たとえば後輩医師に手術指導をする際にも、CT・MRI画像を立体化するナビゲーションシステムが役立ちます。私が口頭で専門的な解説をしても、後輩医師と指導医には経験値、読影力、想像力に差があるため、彼らの頭の中で描いている絵(手術中の視野イメージ)と私の頭の中で描いている絵はまったく同じにはなりません。

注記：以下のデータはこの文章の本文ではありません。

lemma frac_pow_append:
  assumes "v \<noteq> []"
  shows "frac_pow v (p + q) = frac_pow v p @ frac_pow (rotate p v) q"
proof (rule sym, rule frac_pow_eqI)
  fix i assume "i < p + q"
  show "(frac_pow v p @ frac_pow (rotate p v) q) ! i = v ! (i mod length v)"
  proof (cases "i < p")
    case False
    then have "frac_pow (rotate p v) q ! (i - p) = v ! ((p + (i - p) mod length v) mod length v)"
      using \<open>i < p + q\<close> assms by (simp add: nth_frac_pow nth_rotate)
    also have "\<dots> = v ! (i mod length v)"
      using False by (simp add: mod_add_right_eq)
    finally show ?thesis
      using False assms by (simp add: nth_append)
  qed (use assms in \<open>simp add: nth_append nth_frac_pow\<close>)
qed (use assms in simp_all)

lemma frac_pow_mult_length: "frac_pow v (k * length v) = concat (replicate k v)"
proof (cases "v = []")
  case False
  then show ?thesis
    by (intro frac_pow_eqI[THEN sym]) (simp_all add: nth_concat_replicate)
qed simp

lemma frac_pow_length: "frac_pow v (length v) = v"
  using frac_pow_mult_length[of v 1] by simp

lemma take_frac_pow: "q \<le> p \<Longrightarrow> take q (frac_pow v p) = frac_pow v q"
  by (cases "v = []") (auto intro!: frac_pow_eqI simp: nth_frac_pow)

lemma frac_pow_concat_replicate:
  "0 < j \<Longrightarrow> frac_pow (concat (replicate j x)) p = frac_pow x p"
  by (cases "x = []") (auto intro!: frac_pow_eqI simp: nth_frac_pow nth_concat_replicate mod_mod_cancel)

そのギャップを埋めてくれるのがナビゲーションシステムで、患者さんの体が立体化されるため、“体の構造がこうなっているからここを切ればよいのか”と、視覚的に理解しやすくなります。指導医と研修医がともに同じ立体を見ながら技術を教えられることで、研修医は納得しながら技術を学ぶことができ、結果的に多くの医師がスムーズに手術をマスターできるのです。これからも、ナビゲーションシステムを教育に応用しながら、後輩育成に取り組んでいきたいです。

好奇心を原動力にして、前向きに動き続ける

これまでの私の医師人生は決して成功の連続ではなく、むしろ挫折や失敗をした経験のほうが多かったかもしれません。今でも小さな失敗はしますし、“もっとうまくできたはず”、“もっとこうするべきだった”と思うこともよくあります。

失敗続きでくじけそうになったときは、常に“好奇心”を原動力に変えて乗り越えてきました。少しでも面白そうだなと思ったことは、仮に自分には向いていないかもしれないと思っても“やってみる”。なぜなら、たとえその結果が失敗に終わっても、“やってみる”行動自体は1つの経験値として人生の糧になるからです。やらずに後悔するよりは、きっと得られるものがたくさんあるはずと信じて、1つ1つ前向きに取り組んできました。

その行動を積み重ねた結果が、今の自分自身の考えにつながっているのかもしれません。

病気を治すのは患者さん自身。医師の役目はそのお手伝いをすること

医師とは“病気を治す”のではなく、あくまで“病気を治すお手伝いをさせていただく”ための職業であり、その感覚をいつまでも大切にしたいと考えています。

私は外科医ですから、患者さんが病気を治すお手伝いをするためにもっとも力を入れるべき点は、できる限り体への負担が少ない手術をして病気を再発させないようにすることです。よい結果を出すための手段が先に述べたロボット手術であり、ナビゲーションシステムなのです。

私はこれからも“患者さんのためになる”と思った技術を積極的に導入し、患者さんを支える役割であり続けたいと思っています。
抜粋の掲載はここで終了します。